(Beginning of Task material)

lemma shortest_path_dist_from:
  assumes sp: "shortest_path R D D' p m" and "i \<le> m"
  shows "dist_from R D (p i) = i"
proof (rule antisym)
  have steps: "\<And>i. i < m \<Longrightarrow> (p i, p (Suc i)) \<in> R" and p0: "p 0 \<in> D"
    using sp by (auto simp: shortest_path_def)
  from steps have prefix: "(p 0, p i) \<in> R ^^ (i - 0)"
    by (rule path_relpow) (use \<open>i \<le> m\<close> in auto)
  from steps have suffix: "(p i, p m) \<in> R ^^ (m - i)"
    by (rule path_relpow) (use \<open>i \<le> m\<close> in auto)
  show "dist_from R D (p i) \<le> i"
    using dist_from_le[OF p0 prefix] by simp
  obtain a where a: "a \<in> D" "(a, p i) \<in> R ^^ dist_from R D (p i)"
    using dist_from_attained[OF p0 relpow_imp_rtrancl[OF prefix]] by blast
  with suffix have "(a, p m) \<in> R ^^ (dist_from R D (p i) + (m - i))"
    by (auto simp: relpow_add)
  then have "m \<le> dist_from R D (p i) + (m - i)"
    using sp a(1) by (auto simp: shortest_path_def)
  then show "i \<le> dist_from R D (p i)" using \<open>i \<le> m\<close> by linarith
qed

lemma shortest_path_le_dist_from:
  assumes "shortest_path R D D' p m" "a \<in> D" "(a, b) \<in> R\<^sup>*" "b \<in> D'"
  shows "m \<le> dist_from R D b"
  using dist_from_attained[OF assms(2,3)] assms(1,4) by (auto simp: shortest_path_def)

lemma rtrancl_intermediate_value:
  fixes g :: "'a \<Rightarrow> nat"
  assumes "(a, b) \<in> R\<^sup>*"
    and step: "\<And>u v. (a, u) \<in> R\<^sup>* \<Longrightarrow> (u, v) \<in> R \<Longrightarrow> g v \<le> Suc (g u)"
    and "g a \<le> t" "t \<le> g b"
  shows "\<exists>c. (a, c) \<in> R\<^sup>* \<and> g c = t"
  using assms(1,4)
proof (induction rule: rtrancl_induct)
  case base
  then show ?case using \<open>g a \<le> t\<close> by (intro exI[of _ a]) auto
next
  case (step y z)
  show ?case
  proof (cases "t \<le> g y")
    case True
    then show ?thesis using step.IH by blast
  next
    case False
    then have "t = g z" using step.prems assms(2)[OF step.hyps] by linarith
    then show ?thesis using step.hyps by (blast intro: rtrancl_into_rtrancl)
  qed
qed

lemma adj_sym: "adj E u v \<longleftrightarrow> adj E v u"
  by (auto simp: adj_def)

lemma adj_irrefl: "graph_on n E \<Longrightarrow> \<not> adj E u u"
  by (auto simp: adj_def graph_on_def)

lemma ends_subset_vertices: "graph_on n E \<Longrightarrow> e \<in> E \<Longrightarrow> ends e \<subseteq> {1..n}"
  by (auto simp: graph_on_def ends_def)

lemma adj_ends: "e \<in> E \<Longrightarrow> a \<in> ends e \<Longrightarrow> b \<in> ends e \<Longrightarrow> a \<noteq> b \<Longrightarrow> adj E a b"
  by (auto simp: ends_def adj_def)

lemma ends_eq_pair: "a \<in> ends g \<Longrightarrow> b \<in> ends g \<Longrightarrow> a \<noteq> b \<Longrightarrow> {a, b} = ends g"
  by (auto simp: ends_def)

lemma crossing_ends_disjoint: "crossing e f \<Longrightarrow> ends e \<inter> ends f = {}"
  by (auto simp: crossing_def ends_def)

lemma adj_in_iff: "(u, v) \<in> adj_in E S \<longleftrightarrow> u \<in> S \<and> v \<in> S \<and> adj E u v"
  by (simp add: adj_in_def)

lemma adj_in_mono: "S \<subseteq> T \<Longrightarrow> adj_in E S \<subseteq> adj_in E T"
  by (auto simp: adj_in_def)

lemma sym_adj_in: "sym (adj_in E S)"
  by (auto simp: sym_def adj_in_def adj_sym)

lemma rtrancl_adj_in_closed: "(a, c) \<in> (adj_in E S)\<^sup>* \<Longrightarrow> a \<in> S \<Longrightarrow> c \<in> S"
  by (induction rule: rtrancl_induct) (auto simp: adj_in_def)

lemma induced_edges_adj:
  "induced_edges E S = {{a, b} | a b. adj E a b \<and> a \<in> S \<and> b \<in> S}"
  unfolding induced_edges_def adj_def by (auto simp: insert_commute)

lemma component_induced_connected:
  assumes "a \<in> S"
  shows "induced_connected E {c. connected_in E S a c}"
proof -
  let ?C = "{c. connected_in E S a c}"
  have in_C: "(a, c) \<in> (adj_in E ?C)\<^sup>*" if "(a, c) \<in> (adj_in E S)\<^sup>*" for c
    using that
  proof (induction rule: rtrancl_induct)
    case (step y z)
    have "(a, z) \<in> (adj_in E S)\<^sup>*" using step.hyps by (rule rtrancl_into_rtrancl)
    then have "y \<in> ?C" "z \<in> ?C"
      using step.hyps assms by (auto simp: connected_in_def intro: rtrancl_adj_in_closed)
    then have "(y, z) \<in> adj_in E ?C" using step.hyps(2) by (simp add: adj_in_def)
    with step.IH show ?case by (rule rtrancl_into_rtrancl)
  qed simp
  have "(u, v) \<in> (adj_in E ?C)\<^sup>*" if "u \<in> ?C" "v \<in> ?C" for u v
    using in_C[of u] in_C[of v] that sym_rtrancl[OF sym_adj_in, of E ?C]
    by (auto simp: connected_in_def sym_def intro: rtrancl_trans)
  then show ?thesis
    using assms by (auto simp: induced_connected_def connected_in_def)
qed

(End of Task material)

When you repeat the data, keep each line exactly as given.

lemma shortest_path_dist_from:
  assumes sp: "shortest_path R D D' p m" and "i \<le> m"
  shows "dist_from R D (p i) = i"
proof (rule antisym)
  have steps: "\<And>i. i < m \<Longrightarrow> (p i, p (Suc i)) \<in> R" and p0: "p 0 \<in> D"
    using sp by (auto simp: shortest_path_def)
  from steps have prefix: "(p 0, p i) \<in> R ^^ (i - 0)"
    by (rule path_relpow) (use \<open>i \<le> m\<close> in auto)
  from steps have suffix: "(p i, p m) \<in> R ^^ (m - i)"
    by (rule path_relpow) (use \<open>i \<le> m\<close> in auto)
  show "dist_from R D (p i) \<le> i"
    using dist_from_le[OF p0 prefix] by simp
  obtain a where a: "a \<in> D" "(a, p i) \<in> R ^^ dist_from R D (p i)"
    using dist_from_attained[OF p0 relpow_imp_rtrancl[OF prefix]] by blast
  with suffix have "(a, p m) \<in> R ^^ (dist_from R D (p i) + (m - i))"
    by (auto simp: relpow_add)
  then have "m \<le> dist_from R D (p i) + (m - i)"
    using sp a(1) by (auto simp: shortest_path_def)
  then show "i \<le> dist_from R D (p i)" using \<open>i \<le> m\<close> by linarith
qed

lemma shortest_path_le_dist_from:
  assumes "shortest_path R D D' p m" "a \<in> D" "(a, b) \<in> R\<^sup>*" "b \<in> D'"
  shows "m \<le> dist_from R D b"
  using dist_from_attained[OF assms(2,3)] assms(1,4) by (auto simp: shortest_path_def)

lemma rtrancl_intermediate_value:
  fixes g :: "'a \<Rightarrow> nat"
  assumes "(a, b) \<in> R\<^sup>*"
    and step: "\<And>u v. (a, u) \<in> R\<^sup>* \<Longrightarrow> (u, v) \<in> R \<Longrightarrow> g v \<le> Suc (g u)"
    and "g a \<le> t" "t \<le> g b"
  shows "\<exists>c. (a, c) \<in> R\<^sup>* \<and> g c = t"
  using assms(1,4)
proof (induction rule: rtrancl_induct)
  case base
  then show ?case using \<open>g a \<le> t\<close> by (intro exI[of _ a]) auto
next
  case (step y z)
  show ?case
  proof (cases "t \<le> g y")
    case True
    then show ?thesis using step.IH by blast
  next
    case False
    then have "t = g z" using step.prems assms(2)[OF step.hyps] by linarith
    then show ?thesis using step.hyps by (blast intro: rtrancl_into_rtrancl)
  qed
qed

lemma adj_sym: "adj E u v \<longleftrightarrow> adj E v u"
  by (auto simp: adj_def)

lemma adj_irrefl: "graph_on n E \<Longrightarrow> \<not> adj E u u"
  by (auto simp: adj_def graph_on_def)

lemma ends_subset_vertices: "graph_on n E \<Longrightarrow> e \<in> E \<Longrightarrow> ends e \<subseteq> {1..n}"
  by (auto simp: graph_on_def ends_def)

lemma adj_ends: "e \<in> E \<Longrightarrow> a \<in> ends e \<Longrightarrow> b \<in> ends e \<Longrightarrow> a \<noteq> b \<Longrightarrow> adj E a b"
  by (auto simp: ends_def adj_def)

lemma ends_eq_pair: "a \<in> ends g \<Longrightarrow> b \<in> ends g \<Longrightarrow> a \<noteq> b \<Longrightarrow> {a, b} = ends g"
  by (auto simp: ends_def)

lemma crossing_ends_disjoint: "crossing e f \<Longrightarrow> ends e \<inter> ends f = {}"
  by (auto simp: crossing_def ends_def)

lemma adj_in_iff: "(u, v) \<in> adj_in E S \<longleftrightarrow> u \<in> S \<and> v \<in> S \<and> adj E u v"
  by (simp add: adj_in_def)

lemma adj_in_mono: "S \<subseteq> T \<Longrightarrow> adj_in E S \<subseteq> adj_in E T"
  by (auto simp: adj_in_def)

lemma sym_adj_in: "sym (adj_in E S)"
  by (auto simp: sym_def adj_in_def adj_sym)

lemma rtrancl_adj_in_closed: "(a, c) \<in> (adj_in E S)\<^sup>* \<Longrightarrow> a \<in> S \<Longrightarrow> c \<in> S"
  by (induction rule: rtrancl_induct) (auto simp: adj_in_def)

lemma induced_edges_adj:
  "induced_edges E S = {{a, b} | a b. adj E a b \<and> a \<in> S \<and> b \<in> S}"
  unfolding induced_edges_def adj_def by (auto simp: insert_commute)

lemma component_induced_connected:
  assumes "a \<in> S"
  shows "induced_connected E {c. connected_in E S a c}"
proof -
  let ?C = "{c. connected_in E S a c}"
  have in_C: "(a, c) \<in> (adj_in E ?C)\<^sup>*" if "(a, c) \<in> (adj_in E S)\<^sup>*" for c
    using that
  proof (induction rule: rtrancl_induct)
    case (step y z)
    have "(a, z) \<in> (adj_in E S)\<^sup>*" using step.hyps by (rule rtrancl_into_rtrancl)
    then have "y \<in> ?C" "z \<in> ?C"
      using step.hyps assms by (auto simp: connected_in_def intro: rtrancl_adj_in_closed)
    then have "(y, z) \<in> adj_in E ?C" using step.hyps(2) by (simp add: adj_in_def)
    with step.IH show ?case by (rule rtrancl_into_rtrancl)
  qed simp
  have "(u, v) \<in> (adj_in E ?C)\<^sup>*" if "u \<in> ?C" "v \<in> ?C" for u v
    using in_C[of u] in_C[of v] that sym_rtrancl[OF sym_adj_in, of E ?C]
    by (auto simp: connected_in_def sym_def intro: rtrancl_trans)
  then show ?thesis
    using assms by (auto simp: induced_connected_def connected_in_def)
qed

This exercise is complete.